- Action item -
Which lines of the entries below run from the one holding "card A < card" to the one holding "by (rule sum.cong) (auto simp: c'_def)", inclusive? Set down exactly those lines and no others.

Records for the task Block Start

theorem proposition4:
  shows
  "(\<forall>i::nat. i \<ge> 1 \<longrightarrow>
     (\<exists>d pol M W. pos_policy d 2 pol \<and> family d 2 pol M \<and> family d 2 pol W \<and>
        (\<forall>s<d. \<forall>s'<d. (mplus 2 M s s' = 0 \<longleftrightarrow> mplus 2 W s s' = 0)) \<and>
        (\<forall>as. actseq 2 as \<and> 1 \<le> length as \<and> length as \<le> i \<longrightarrow>
              meq d (Binv d 2 M as) (Binv d 2 W as)) \<and>
        (\<exists>as. actseq 2 as \<and> length as = i + 1 \<and>
              \<not> meq d (Binv d 2 M as) (Binv d 2 W as))))
   \<and>
   \<comment> \<open>(i) B^a does not determine M\<close>
   (\<exists>d pol M W. pos_policy d 2 pol \<and> family d 2 pol M \<and> family d 2 pol W \<and>
      (\<forall>a<2. meq d (Binv d 2 M [a]) (Binv d 2 W [a])) \<and>
      \<not> (\<forall>a<2. meq d (M a) (W a)))
   \<and>
   \<comment> \<open>(ii) B^a and B^{aa'} do not determine M\<close>
   (\<exists>d pol M W. pos_policy d 2 pol \<and> family d 2 pol M \<and> family d 2 pol W \<and>
      (\<forall>a<2. meq d (Binv d 2 M [a]) (Binv d 2 W [a])) \<and>
      (\<forall>a<2. \<forall>a'<2. meq d (Binv d 2 M [a, a']) (Binv d 2 W [a, a'])) \<and>
      \<not> (\<forall>a<2. meq d (M a) (W a)))
   \<and>
   \<comment> \<open>(iii) B^a does not determine all B^{a_1...a_j}\<close>
   (\<exists>d pol M W. pos_policy d 2 pol \<and> family d 2 pol M \<and> family d 2 pol W \<and>
      (\<forall>a<2. meq d (Binv d 2 M [a]) (Binv d 2 W [a])) \<and>
      (\<exists>as. actseq 2 as \<and> \<not> meq d (Binv d 2 M as) (Binv d 2 W as)))
   \<and>
   \<comment> \<open>(iv) B^a and B^{aa'} do not determine all B^{a_1...a_j}\<close>
   (\<exists>d pol M W. pos_policy d 2 pol \<and> family d 2 pol M \<and> family d 2 pol W \<and>
      (\<forall>a<2. meq d (Binv d 2 M [a]) (Binv d 2 W [a])) \<and>
      (\<forall>a<2. \<forall>a'<2. meq d (Binv d 2 M [a, a']) (Binv d 2 W [a, a'])) \<and>
      (\<exists>as. actseq 2 as \<and> \<not> meq d (Binv d 2 M as) (Binv d 2 W as)))
   \<and>
   \<comment> \<open>(v) B^a does not determine B^{a+}\<close>
   (\<exists>d pol M W. pos_policy d 2 pol \<and> family d 2 pol M \<and> family d 2 pol W \<and>
      (\<forall>a<2. meq d (Binv d 2 M [a]) (Binv d 2 W [a])) \<and>
      \<not> (\<forall>a<2. meq d (Bplus d 2 M a) (Bplus d 2 W a)))
   \<and>
   \<comment> \<open>(vi) B^a and B^{a+} do not determine B^{a++}\<close>
   (\<exists>d pol M W. pos_policy d 2 pol \<and> family d 2 pol M \<and> family d 2 pol W \<and>
      (\<forall>a<2. meq d (Binv d 2 M [a]) (Binv d 2 W [a])) \<and>
      (\<forall>a<2. meq d (Bplus d 2 M a) (Bplus d 2 W a)) \<and>
      \<not> (\<forall>a<2. meq d (Bplusplus d 2 M a) (Bplusplus d 2 W a)))"
proof -
  let ?pol = "\<lambda>_ _. 1 / 2 :: real"
  let ?M = "\<lambda>i. branch_family i (1 / 2)" and ?W = "\<lambda>i. branch_family i (1 / 3)"
  have witness: "\<exists>d pol M W. P d pol M W" if "P (i + 3) ?pol (?M i) (?W i)" for P i
    using that by blast
  have families:
    "pos_policy (i + 3) 2 ?pol \<and> family (i + 3) 2 ?pol (?M i) \<and> family (i + 3) 2 ?pol (?W i)"
    if "1 \<le> i" for i
    using that by (simp add: pos_policy_half family_branch_family)
  have agree: "meq (i + 3) (Binv (i + 3) 2 (?M i) as) (Binv (i + 3) 2 (?W i) as)"
    if "1 \<le> i" "1 \<le> length as" "length as \<le> i" for i as
    using that by (intro Binv_branch_family_agree) auto
  have differ: "\<exists>as. actseq 2 as \<and> length as = i + 1 \<and>
      \<not> meq (i + 3) (Binv (i + 3) 2 (?M i) as) (Binv (i + 3) 2 (?W i) as)"
    if "1 \<le> i" for i
    using that Binv_branch_family_differ[of i "1 / 2" "1 / 3"]
    by (intro exI[of _ "replicate (Suc i) 0"]) (auto simp: actseq_def)
  note zero_pattern = branch_family_zero_pattern[of "1 / 2" "1 / 3"]
    and ne = branch_family_ne[of "1 / 2" "1 / 3"]
  show ?thesis
    apply (intro conjI allI impI)
    subgoal for i by (rule witness[of _ i]) (use families agree differ zero_pattern in auto)
    subgoal by (rule witness[of _ 1]) (use families[of 1] agree[of 1] ne[of 1] in auto)
    subgoal by (rule witness[of _ 2]) (use families[of 2] agree[of 2] ne[of 2] in auto)
    subgoal by (rule witness[of _ 1]) (use families[of 1] agree[of 1] differ[of 1] in auto)
    subgoal by (rule witness[of _ 2]) (use families[of 2] agree[of 2] differ[of 2] in auto)
    subgoal by (rule witness[of _ 1])
        (use families[of 1] agree[of 1] Bplus_branch_family_differ[of "1 / 2" "1 / 3"] in force)
    subgoal by (rule witness[of _ 2])
        (use families[of 2] agree[of 2] Bplus_branch_family_agree[of 2 "1 / 2" "1 / 3"]
          Bplusplus_branch_family_differ[of "1 / 2" "1 / 3"] in force)
    done
qed
(* Let $2\le s\le 2^{n-2}$ and let $S=\{\mathbf{v}_1,\dots,\mathbf{v}_s\}\subseteq\mathbb{F}_2^n$ be a set of $s$ distinct nonzero vectors with $\dim S\ge2$. Then for any nonnegative integers $b_1,\dots,b_s$ with $\sum_{j=1}^s b_j=2^{\dim S-2}$, the graph $G_S$ has an independent set $A$ of size $2^{\dim S-2}$ with $|A\cap V_j|=b_j$ for every $j\in[s]$.
   Context: For $S=\{\mathbf{v}_1,\dots,\mathbf{v}_s\}\subseteq\mathbb{F}_2^n$ a set of distinct nonzero vectors, $\langle S\rangle$ is its span and $\dim S=\dim\langle S\rangle$. The $s$-partite graph $G_S$ has vertex set $V_1\sqcup\dots\sqcup V_s$ (disjoint union), where $V_j=\{\{\mathbf{x},\mathbf{x}+\mathbf{v}_j\}:\mathbf{x}\in\langle S\rangle\}$ is the set of cosets of $\langle\mathbf{v}_j\rangle$ in $\langle S\rangle$ (so $|V_j|=2^{\dim S-1}$); there are no edges inside any $V_j$, and for $j_1\ne j_2$ a vertex $\{\mathbf{x}_1,\mathbf{x}_1+\mathbf{v}_{j_1}\}\in V_{j_1}$ is adjacent to $\{\mathbf{x}_2,\mathbf{x}_2+\mathbf{v}_{j_2}\}\in V_{j_2}$ iff these two sets intersect. *)

theory Defs
  imports Main
begin

text \<open>Vectors of F_2^n are modelled as functions nat => bool vanishing from index n on;
  addition over F_2 is componentwise exclusive or.\<close>

definition vec2 :: "nat \<Rightarrow> (nat \<Rightarrow> bool) set" where
  "vec2 n = {v. \<forall>i\<ge>n. \<not> v i}"

definition vzero :: "nat \<Rightarrow> bool" where
  "vzero = (\<lambda>_. False)"

definition vadd :: "(nat \<Rightarrow> bool) \<Rightarrow> (nat \<Rightarrow> bool) \<Rightarrow> (nat \<Rightarrow> bool)" where
  "vadd x y = (\<lambda>i. x i \<noteq> y i)"

inductive_set span2 :: "(nat \<Rightarrow> bool) set \<Rightarrow> (nat \<Rightarrow> bool) set" for S where
  zero: "vzero \<in> span2 S"
| add: "x \<in> span2 S \<Longrightarrow> v \<in> S \<Longrightarrow> vadd x v \<in> span2 S"

definition dim2 :: "(nat \<Rightarrow> bool) set \<Rightarrow> nat" where
  "dim2 S = (LEAST k. \<exists>B. finite B \<and> card B = k \<and> span2 B = span2 S)"

text \<open>The part V_j of G_S, for the vector family v indexed by {1..s} with S = v ` {1..s}.
  Vertices are tagged with their part index j (disjoint union).\<close>
definition part :: "(nat \<Rightarrow> (nat \<Rightarrow> bool)) \<Rightarrow> nat \<Rightarrow> nat \<Rightarrow> (nat \<times> (nat \<Rightarrow> bool) set) set" where
  "part v s j = {(j, {x, vadd x (v j)}) | x. x \<in> span2 (v ` {1..s})}"

definition adjG :: "nat \<times> (nat \<Rightarrow> bool) set \<Rightarrow> nat \<times> (nat \<Rightarrow> bool) set \<Rightarrow> bool" where
  "adjG a b = (fst a \<noteq> fst b \<and> snd a \<inter> snd b \<noteq> {})"

definition indep_set_GS :: "(nat \<Rightarrow> (nat \<Rightarrow> bool)) \<Rightarrow> nat \<Rightarrow> (nat \<times> (nat \<Rightarrow> bool) set) set \<Rightarrow> bool" where
  "indep_set_GS v s A = (A \<subseteq> (\<Union>j\<in>{1..s}. part v s j) \<and> (\<forall>a\<in>A. \<forall>b\<in>A. \<not> adjG a b))"

end

theory Submission
  imports Defs
begin

text \<open>Greedy argument. The span W of S has at least 2^(dim S) elements. Vertices are
  added one at a time to the part V_j that still needs one: if k vertices have been chosen,
  they cover at most 2k points of W, so at most 4k points x of W have x or x + v_j covered.
  While 4k < 2^(dim S), some coset {x, x + v_j} is disjoint from all chosen vertices and can
  be added; the total 2^(dim S - 2) is exactly the number of steps this allows.\<close>

lemma vadd_zero [simp]: "vadd x vzero = x" "vadd vzero x = x"
  by (auto simp: vadd_def vzero_def)

lemma vadd_assoc: "vadd (vadd x y) z = vadd x (vadd y z)"
  by (auto simp: vadd_def fun_eq_iff)

lemma vadd_commute: "vadd x y = vadd y x"
  by (auto simp: vadd_def fun_eq_iff)

lemma vadd_cancel [simp]: "vadd (vadd x y) y = x" "vadd y (vadd y x) = x"
  by (auto simp: vadd_def fun_eq_iff)

lemma inj_vadd: "inj (vadd w)"
  by (rule injI) (metis vadd_cancel(2))

lemma span2_vadd_closed:
  assumes "x \<in> span2 S" "y \<in> span2 S"
  shows "vadd x y \<in> span2 S"
  using assms(2)
proof induction
  case zero
  then show ?case using assms(1) by simp
next
  case (add y v)
  have "vadd x (vadd y v) = vadd (vadd x y) v" by (simp add: vadd_assoc)
  then show ?case using add span2.add by metis
qed

lemma span2_superset: "v \<in> S \<Longrightarrow> v \<in> span2 S"
  using span2.add[OF span2.zero] by fastforce

lemma span2_minimal:
  assumes "S \<subseteq> span2 T"
  shows "span2 S \<subseteq> span2 T"
proof
  fix x assume "x \<in> span2 S"
  then show "x \<in> span2 T"
    by induction (use assms span2.zero span2_vadd_closed in blast)+
qed

lemma span2_mono: "B \<subseteq> C \<Longrightarrow> span2 B \<subseteq> span2 C"
  using span2_minimal span2_superset by blast

lemma span2_empty: "span2 {} = {vzero}"
proof -
  have "x \<in> span2 {} \<Longrightarrow> x = vzero" for x
    by (induction rule: span2.induct) auto
  then show ?thesis using span2.zero by blast
qed

lemma span2_insert: "span2 (insert w B) = span2 B \<union> vadd w ` span2 B"
proof
  show "span2 (insert w B) \<subseteq> span2 B \<union> vadd w ` span2 B"
  proof
    fix x assume "x \<in> span2 (insert w B)"
    then show "x \<in> span2 B \<union> vadd w ` span2 B"
    proof induction
      case zero
      then show ?case using span2.zero by blast
    next
      case (add x u)
      consider "x \<in> span2 B" | y where "y \<in> span2 B" "x = vadd w y"
        using add.IH by blast
      then show ?case
      proof cases
        case 1
        then show ?thesis
          using add.hyps(2) span2.add vadd_commute by (cases "u = w") blast+
      next
        case 2
        show ?thesis
        proof (cases "u = w")
          case True
          then have "vadd x u = y" using 2(2) by (simp add: vadd_commute)
          then show ?thesis using 2(1) by blast
        next
          case False
          have "vadd x u = vadd w (vadd y u)" using 2(2) by (simp add: vadd_assoc)
          then show ?thesis using 2(1) False add.hyps(2) span2.add by blast
        qed
      qed
    qed
  qed
next
  have w: "w \<in> span2 (insert w B)" by (rule span2_superset) simp
  have B: "span2 B \<subseteq> span2 (insert w B)" by (rule span2_mono) blast
  show "span2 B \<union> vadd w ` span2 B \<subseteq> span2 (insert w B)"
    using B span2_vadd_closed[OF w] by blast
qed

lemma finite_vec2: "finite (vec2 n)"
proof -
  have "inj_on (\<lambda>v. {i. v i}) (vec2 n)"
    by (rule inj_onI) (auto simp: fun_eq_iff)
  moreover have "(\<lambda>v. {i. v i}) ` vec2 n \<subseteq> Pow {..<n}"
    by (auto simp: vec2_def) (meson not_le)
  ultimately show ?thesis
    by (meson finite_Pow_iff finite_lessThan finite_subset inj_on_finite)
qed

lemma span2_subset_vec2: "S \<subseteq> vec2 n \<Longrightarrow> span2 S \<subseteq> vec2 n"
  by (rule subsetI, erule span2.induct) (auto simp: vec2_def vzero_def vadd_def)

lemma card_span2_insert:
  assumes "finite (span2 B)" "w \<notin> span2 B"
  shows "card (span2 (insert w B)) = 2 * card (span2 B)"
proof -
  have "span2 B \<inter> vadd w ` span2 B = {}"
  proof (rule ccontr)
    assume "span2 B \<inter> vadd w ` span2 B \<noteq> {}"
    then obtain y where "y \<in> span2 B" "vadd w y \<in> span2 B" by blast
    then have "vadd (vadd w y) y \<in> span2 B" using span2_vadd_closed by blast
    then show False using assms(2) by simp
  qed
  moreover have "card (vadd w ` span2 B) = card (span2 B)"
    by (rule card_image) (rule inj_on_subset[OF inj_vadd subset_UNIV])
  ultimately show ?thesis
    using assms(1) by (simp add: span2_insert card_Un_disjoint)
qed

lemma independent_spanning_set_exists:
  assumes "finite (span2 S)" "B \<subseteq> span2 S" "finite B" "card (span2 B) = 2 ^ card B"
  shows "\<exists>B'. finite B' \<and> span2 B' = span2 S \<and> card (span2 B') = 2 ^ card B'"
  using assms(2-)
proof (induction "card (span2 S) - card (span2 B)" arbitrary: B rule: less_induct)
  case less
  have sub: "span2 B \<subseteq> span2 S" using less.prems(1) span2_minimal by blast
  show ?case
  proof (cases "span2 B = span2 S")
    case True
    then show ?thesis using less.prems by blast
  next
    case False
    then obtain w where w: "w \<in> span2 S" "w \<notin> span2 B" using sub by blast
    have wB: "w \<notin> B" using w span2_superset by blast
    have finB: "finite (span2 B)" using sub assms(1) finite_subset by blast
    have cardC: "card (span2 (insert w B)) = 2 ^ card (insert w B)"
      using card_span2_insert[OF finB w(2)] less.prems(2,3) wB by simp
    have "span2 (insert w B) \<subseteq> span2 S"
      using less.prems(1) w(1) span2_minimal by blast
    then have "card (span2 (insert w B)) \<le> card (span2 S)"
      using assms(1) card_mono by blast
    moreover have "card (span2 B) < card (span2 (insert w B))"
      using card_span2_insert[OF finB w(2)] less.prems(3) by simp
    ultimately show ?thesis
      using less.hyps[of "insert w B"] less.prems(1,2) w(1) cardC by fastforce
  qed
qed

lemma card_span2_ge_pow_dim2:
  assumes "finite (span2 S)"
  shows "2 ^ dim2 S \<le> card (span2 S)"
proof -
  obtain B where B: "finite B" "span2 B = span2 S" "card (span2 B) = 2 ^ card B"
    using independent_spanning_set_exists[OF assms, of "{}"] by (auto simp: span2_empty)
  have "dim2 S \<le> card B"
    unfolding dim2_def by (rule Least_le) (use B in blast)
  then have "(2::nat) ^ dim2 S \<le> 2 ^ card B" by simp
  then show ?thesis using B by simp
qed

lemma exists_point_avoiding_translate:
  assumes "finite U" "finite W" "2 * card U < card W"
  shows "\<exists>x\<in>W. x \<notin> U \<and> vadd x w \<notin> U"
proof (rule ccontr)
  assume "\<not> ?thesis"
  then have "W \<subseteq> U \<union> (\<lambda>y. vadd y w) ` U"
    by (auto intro: image_eqI[where x = "vadd _ w"])
  then have "card W \<le> card (U \<union> (\<lambda>y. vadd y w) ` U)"
    using assms(1) by (intro card_mono) auto
  also have "\<dots> \<le> card U + card ((\<lambda>y. vadd y w) ` U)" by (rule card_Un_le)
  also have "\<dots> \<le> 2 * card U" using card_image_le[OF assms(1)] by simp
  finally show False using assms(3) by simp
qed

lemma part_fst: "a \<in> part v s j \<Longrightarrow> fst a = j"
  by (auto simp: part_def)

lemma card_vertex_le_2: "a \<in> part v s j \<Longrightarrow> card (snd a) \<le> 2"
  by (auto simp: part_def card_insert_le_m1)

lemma finite_vertex: "a \<in> part v s j \<Longrightarrow> finite (snd a)"
  by (auto simp: part_def)

lemma indep_set_GS_insert:
  assumes "indep_set_GS v s A" "j \<in> {1..s}" "e \<in> part v s j"
    and "\<forall>a\<in>A. snd e \<inter> snd a = {}"
  shows "indep_set_GS v s (insert e A)"
  using assms by (auto simp: indep_set_GS_def adjG_def)

lemma indep_set_GS_extend:
  assumes W: "finite (span2 (v ` {1..s}))"
    and A: "finite A" "indep_set_GS v s A" "4 * card A < card (span2 (v ` {1..s}))"
    and j: "j \<in> {1..s}"
  shows "\<exists>e\<in>part v s j. e \<notin> A \<and> indep_set_GS v s (insert e A)"
proof -
  define U where "U = (\<Union>a\<in>A. snd a)"
  have vertices: "\<forall>a\<in>A. \<exists>i. a \<in> part v s i"
    using A(2) by (auto simp: indep_set_GS_def)
  have "card U \<le> (\<Sum>a\<in>A. card (snd a))"
    unfolding U_def using A(1) by (rule card_UN_le)
  also have "\<dots> \<le> 2 * card A"
    using sum_bounded_above[of A "\<lambda>a. card (snd a)" 2] vertices card_vertex_le_2
    by (simp add: mult.commute) blast
  finally have "2 * card U < card (span2 (v ` {1..s}))" using A(3) by simp
  moreover have "finite U"
    unfolding U_def using A(1) vertices finite_vertex by blast
  ultimately obtain x where x: "x \<in> span2 (v ` {1..s})" "x \<notin> U" "vadd x (v j) \<notin> U"
    using exists_point_avoiding_translate W by blast
  define e where "e = (j, {x, vadd x (v j)})"
  have e: "e \<in> part v s j" unfolding e_def part_def using x(1) by blast
  have disjoint: "\<forall>a\<in>A. snd e \<inter> snd a = {}"
    using x(2,3) by (auto simp: e_def U_def)
  then have "e \<notin> A" by (auto simp: e_def)
  then show ?thesis
    using indep_set_GS_insert[OF A(2) j e disjoint] e by blast
qed

lemma indep_set_GS_with_part_sizes:
  assumes W: "finite (span2 (v ` {1..s}))"
    and size: "4 * (\<Sum>j=1..s. c j) \<le> card (span2 (v ` {1..s}))"
  shows "\<exists>A. finite A \<and> indep_set_GS v s A \<and> card A = (\<Sum>j=1..s. c j)
            \<and> (\<forall>j\<in>{1..s}. card (A \<inter> part v s j) = c j)"
  using size
proof (induction "\<Sum>j=1..s. c j" arbitrary: c)
  case 0
  then show ?case by (intro exI[of _ "{}"]) (auto simp: indep_set_GS_def)
next
  case (Suc k)
  obtain j where j: "j \<in> {1..s}" "c j > 0"
    using Suc.hyps(2) by (metis sum.neutral nat.distinct(1) neq0_conv)
  define c' where "c' = c(j := c j - 1)"
  have "(\<Sum>i=1..s. c i) = c j + (\<Sum>i\<in>{1..s}-{j}. c i)"
    and "(\<Sum>i=1..s. c' i) = c' j + (\<Sum>i\<in>{1..s}-{j}. c' i)"
    using j(1) by (auto intro: sum.remove)
  moreover have "(\<Sum>i\<in>{1..s}-{j}. c' i) = (\<Sum>i\<in>{1..s}-{j}. c i)"
    by (rule sum.cong) (auto simp: c'_def)
  ultimately have sum_c': "k = (\<Sum>i=1..s. c' i)"
    using Suc.hyps(2) j(2) by (simp add: c'_def)
  have "4 * (\<Sum>i=1..s. c' i) \<le> card (span2 (v ` {1..s}))"
    using Suc.prems Suc.hyps(2) sum_c' by simp
  then obtain A where A: "finite A" "indep_set_GS v s A" "card A = k"
    "\<forall>i\<in>{1..s}. card (A \<inter> part v s i) = c' i"
    using Suc.hyps(1)[OF sum_c'] sum_c' by auto
  obtain e where e: "e \<in> part v s j" "e \<notin> A" "indep_set_GS v s (insert e A)"
    using indep_set_GS_extend[OF W A(1,2) _ j(1)] A(3) Suc.prems Suc.hyps(2) by auto
  have "card (insert e A \<inter> part v s i) = c i" if i: "i \<in> {1..s}" for i
  proof (cases "i = j")
    case True
    then have "insert e A \<inter> part v s i = insert e (A \<inter> part v s j)" using e(1) by auto
    then show ?thesis using A(1,4) e(2) j True by (simp add: c'_def)
  next
    case False
    then have "e \<notin> part v s i" using part_fst e(1) by metis
    then have "insert e A \<inter> part v s i = A \<inter> part v s i" by auto
    then show ?thesis using A(4) i False by (simp add: c'_def)
  qed
  then show ?case
    using A(1,3) e(2,3) Suc.hyps(2) by (intro exI[of _ "insert e A"]) auto
qed

theorem mainTheorem14:
  fixes n s :: nat and v :: "nat \<Rightarrow> (nat \<Rightarrow> bool)" and b :: "nat \<Rightarrow> nat"
  assumes "2 \<le> s" and "s \<le> 2 ^ (n - 2)"
    and "\<forall>j\<in>{1..s}. v j \<in> vec2 n \<and> v j \<noteq> vzero"
    and "inj_on v {1..s}"
    and "dim2 (v ` {1..s}) \<ge> 2"
    and "(\<Sum>j=1..s. b j) = 2 ^ (dim2 (v ` {1..s}) - 2)"
  shows "\<exists>A. indep_set_GS v s A \<and> card A = 2 ^ (dim2 (v ` {1..s}) - 2)
            \<and> (\<forall>j\<in>{1..s}. card (A \<inter> part v s j) = b j)"
proof -
  let ?d = "dim2 (v ` {1..s})"
  have "span2 (v ` {1..s}) \<subseteq> vec2 n"
    using assms(3) span2_subset_vec2[of "v ` {1..s}" n] by blast
  then have W: "finite (span2 (v ` {1..s}))"
    using finite_vec2 finite_subset by blast
  obtain m where "?d = m + 2" using assms(5) le_add_diff_inverse2 by metis
  then have "4 * 2 ^ (?d - 2) = (2::nat) ^ ?d" by simp
  then have "4 * (\<Sum>j=1..s. b j) \<le> card (span2 (v ` {1..s}))"
    using assms(6) card_span2_ge_pow_dim2[OF W] by simp
  then show ?thesis
    using indep_set_GS_with_part_sizes[OF W] assms(6) by metis
qed

end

Records for the task Block End

- Written reply -
    and A: "finite A" "indep_set_GS v s A" "4 * card A < card (span2 (v ` {1..s}))"
    and j: "j \<in> {1..s}"
  shows "\<exists>e\<in>part v s j. e \<notin> A \<and> indep_set_GS v s (insert e A)"
proof -
  define U where "U = (\<Union>a\<in>A. snd a)"
  have vertices: "\<forall>a\<in>A. \<exists>i. a \<in> part v s i"
    using A(2) by (auto simp: indep_set_GS_def)
  have "card U \<le> (\<Sum>a\<in>A. card (snd a))"
    unfolding U_def using A(1) by (rule card_UN_le)
  also have "\<dots> \<le> 2 * card A"
    using sum_bounded_above[of A "\<lambda>a. card (snd a)" 2] vertices card_vertex_le_2
    by (simp add: mult.commute) blast
  finally have "2 * card U < card (span2 (v ` {1..s}))" using A(3) by simp
  moreover have "finite U"
    unfolding U_def using A(1) vertices finite_vertex by blast
  ultimately obtain x where x: "x \<in> span2 (v ` {1..s})" "x \<notin> U" "vadd x (v j) \<notin> U"
    using exists_point_avoiding_translate W by blast
  define e where "e = (j, {x, vadd x (v j)})"
  have e: "e \<in> part v s j" unfolding e_def part_def using x(1) by blast
  have disjoint: "\<forall>a\<in>A. snd e \<inter> snd a = {}"
    using x(2,3) by (auto simp: e_def U_def)
  then have "e \<notin> A" by (auto simp: e_def)
  then show ?thesis
    using indep_set_GS_insert[OF A(2) j e disjoint] e by blast
qed

lemma indep_set_GS_with_part_sizes:
  assumes W: "finite (span2 (v ` {1..s}))"
    and size: "4 * (\<Sum>j=1..s. c j) \<le> card (span2 (v ` {1..s}))"
  shows "\<exists>A. finite A \<and> indep_set_GS v s A \<and> card A = (\<Sum>j=1..s. c j)
            \<and> (\<forall>j\<in>{1..s}. card (A \<inter> part v s j) = c j)"
  using size
proof (induction "\<Sum>j=1..s. c j" arbitrary: c)
  case 0
  then show ?case by (intro exI[of _ "{}"]) (auto simp: indep_set_GS_def)
next
  case (Suc k)
  obtain j where j: "j \<in> {1..s}" "c j > 0"
    using Suc.hyps(2) by (metis sum.neutral nat.distinct(1) neq0_conv)
  define c' where "c' = c(j := c j - 1)"
  have "(\<Sum>i=1..s. c i) = c j + (\<Sum>i\<in>{1..s}-{j}. c i)"
    and "(\<Sum>i=1..s. c' i) = c' j + (\<Sum>i\<in>{1..s}-{j}. c' i)"
    using j(1) by (auto intro: sum.remove)
  moreover have "(\<Sum>i\<in>{1..s}-{j}. c' i) = (\<Sum>i\<in>{1..s}-{j}. c i)"
    by (rule sum.cong) (auto simp: c'_def)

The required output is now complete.